lemma separator_segments:
  assumes "separates Z X Y1 Y2"
  obtains ws Ps sel where "hd ws = src Z" "last ws = snk Z" "X \<subseteq> set ws" "segment_walks Z ws Ps"
    and "\<And>Q. ss_path Z Q \<Longrightarrow> X \<subseteq> set (pverts Z Q) \<Longrightarrow> \<exists>Qs. concat Qs = Q \<and> segment_walks Z ws Qs"
    and "\<And>i e x. i < length Ps \<Longrightarrow> e \<in> set (Ps ! i) \<Longrightarrow> labels_var Z x e \<Longrightarrow>
      (x \<in> Y1 \<longrightarrow> sel i) \<and> (x \<in> Y2 \<longrightarrow> \<not> sel i)"
proof -
  from assms obtain P Ps where "ss_path Z P" "partition_gen Z P X Ps"
    and alt: "alternating Z Ps Y1 Y2 \<or> alternating Z Ps Y2 Y1"
    unfolding separates_def by blast
  obtain sel where sel: "\<And>i e x. i < length Ps \<Longrightarrow> e \<in> set (Ps ! i) \<Longrightarrow> labels_var Z x e \<Longrightarrow>
      (x \<in> Y1 \<longrightarrow> sel i) \<and> (x \<in> Y2 \<longrightarrow> \<not> sel i)"
    using alternating_selector[OF alt] by blast
  define xs where "xs = map (\<lambda>p. head Z (last p)) (butlast Ps)"
  from \<open>partition_gen Z P X Ps\<close> have "concat Ps = P" "[] \<notin> set Ps" "Ps \<noteq> []" "set xs = X"
    unfolding partition_gen_def xs_def by auto
  with \<open>ss_path Z P\<close> have seg: "segment_walks Z (src Z # xs @ [snk Z]) Ps"
    unfolding ss_path_def xs_def using segment_walks_of_partition by blast
  moreover from seg \<open>[] \<notin> set Ps\<close> have "sorted_wrt (reach Z) (src Z # xs @ [snk Z])"
    by (rule segment_walks_sorted_reach)
  moreover have "\<exists>Qs. concat Qs = Q \<and> segment_walks Z (src Z # xs @ [snk Z]) Qs"
    if "ss_path Z Q" "X \<subseteq> set (pverts Z Q)" for Q
    using segment_walks_of_walk_through \<open>set xs = X\<close> that \<open>sorted_wrt (reach Z) (src Z # xs @ [snk Z])\<close>
    unfolding ss_path_def pverts_def by blast
  ultimately show ?thesis
    using that[of "src Z # xs @ [snk Z]" Ps sel] sel \<open>set xs = X\<close> by auto
qed

lemma splice_along_separator:
  assumes "uniform_read Z d" "separates Z X Y1 Y2" "Y1 \<subseteq> Vars Z" "Y2 \<subseteq> Vars Z"
    and "ss_path Z Q'" "X \<subseteq> set (pverts Z Q')" "ss_path Z Q''" "X \<subseteq> set (pverts Z Q'')"
  obtains Q where "ss_path Z Q" "X \<subseteq> set (pverts Z Q)" "set Q \<subseteq> set Q' \<union> set Q''"
    and "\<forall>e\<in>set Q. \<forall>x\<in>Y1. labels_var Z x e \<longrightarrow> e \<in> set Q'"
    and "\<forall>e\<in>set Q. \<forall>x\<in>Y2. labels_var Z x e \<longrightarrow> e \<in> set Q''"
proof -
  obtain ws Ps sel where ws: "hd ws = src Z" "last ws = snk Z" "X \<subseteq> set ws" "segment_walks Z ws Ps"
    and through: "\<And>Q. ss_path Z Q \<Longrightarrow> X \<subseteq> set (pverts Z Q) \<Longrightarrow> \<exists>Qs. concat Qs = Q \<and> segment_walks Z ws Qs"
    and sel: "\<And>i e x. i < length Ps \<Longrightarrow> e \<in> set (Ps ! i) \<Longrightarrow> labels_var Z x e \<Longrightarrow>
      (x \<in> Y1 \<longrightarrow> sel i) \<and> (x \<in> Y2 \<longrightarrow> \<not> sel i)"
    using separator_segments[OF assms(2)] by blast
  obtain Q1s Q2s where Q1s: "concat Q1s = Q'" "segment_walks Z ws Q1s"
    and Q2s: "concat Q2s = Q''" "segment_walks Z ws Q2s"
    using through assms(5-8) by meson
  have len: "length Q1s = length Ps" "length Q2s = length Ps"
    using ws(4) Q1s(2) Q2s(2) by (simp_all add: segment_walks_def)
  have unlabelled: "\<not> labels_var Z x e"
    if "segment_walks Z ws Rs" "i < length Ps" "x \<in> Y1 \<union> Y2" "e \<in> set (Rs ! i)"
      and "\<forall>e\<in>set (Ps ! i). \<not> labels_var Z x e" for Rs i x e
  proof -
    from that(3) assms(3,4) have "x \<in> Vars Z"
      by blast
    with that show ?thesis
      using uniform_read_segment_count[OF assms(1) _ ws(4) that(1) ws(1,2) that(2)]
      by (metis filter_empty_conv length_0_conv)
  qed
  define Cs where "Cs = map (\<lambda>i. if sel i then Q1s ! i else Q2s ! i) [0..<length Ps]"
  have seg: "segment_walks Z ws Cs"
    using segment_walks_choose[OF Q1s(2) Q2s(2)] len by (simp add: Cs_def)
  have segment_of: "\<exists>i<length Ps. (sel i \<and> e \<in> set (Q1s ! i)) \<or> (\<not> sel i \<and> e \<in> set (Q2s ! i))"
    if "e \<in> set (concat Cs)" for e
    using that by (auto simp: Cs_def split: if_splits)
  show ?thesis
  proof (rule that[of "concat Cs"])
    show "ss_path Z (concat Cs)"
      using walk_concat_segments[OF seg] ws(1,2) src_in_verts by (simp add: ss_path_def)
    show "X \<subseteq> set (pverts Z (concat Cs))"
      using segment_walks_vertices[OF seg] ws(1,3) by (auto simp: pverts_def)
    show "set (concat Cs) \<subseteq> set Q' \<union> set Q''"
      using segment_of Q1s(1) Q2s(1) len by (fastforce simp: set_concat)
    show "\<forall>e\<in>set (concat Cs). \<forall>x\<in>Y1. labels_var Z x e \<longrightarrow> e \<in> set Q'"
      using segment_of unlabelled[OF Q2s(2)] sel Q1s(1) len by (fastforce simp: set_concat)
    show "\<forall>e\<in>set (concat Cs). \<forall>x\<in>Y2. labels_var Z x e \<longrightarrow> e \<in> set Q''"
      using segment_of unlabelled[OF Q1s(2)] sel Q2s(1) len by (fastforce simp: set_concat)
  qed
qed

end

- **Work order**:
Please return every line of the material above that includes "assms".

- **Exercise response**:
  from assms obtain P Ps where "ss_path Z P" "partition_gen Z P X Ps"
    using separator_segments[OF assms(2)] by blast
    using through assms(5-8) by meson
    from that(3) assms(3,4) have "x \<in> Vars Z"
      using uniform_read_segment_count[OF assms(1) _ ws(4) that(1) ws(1,2) that(2)]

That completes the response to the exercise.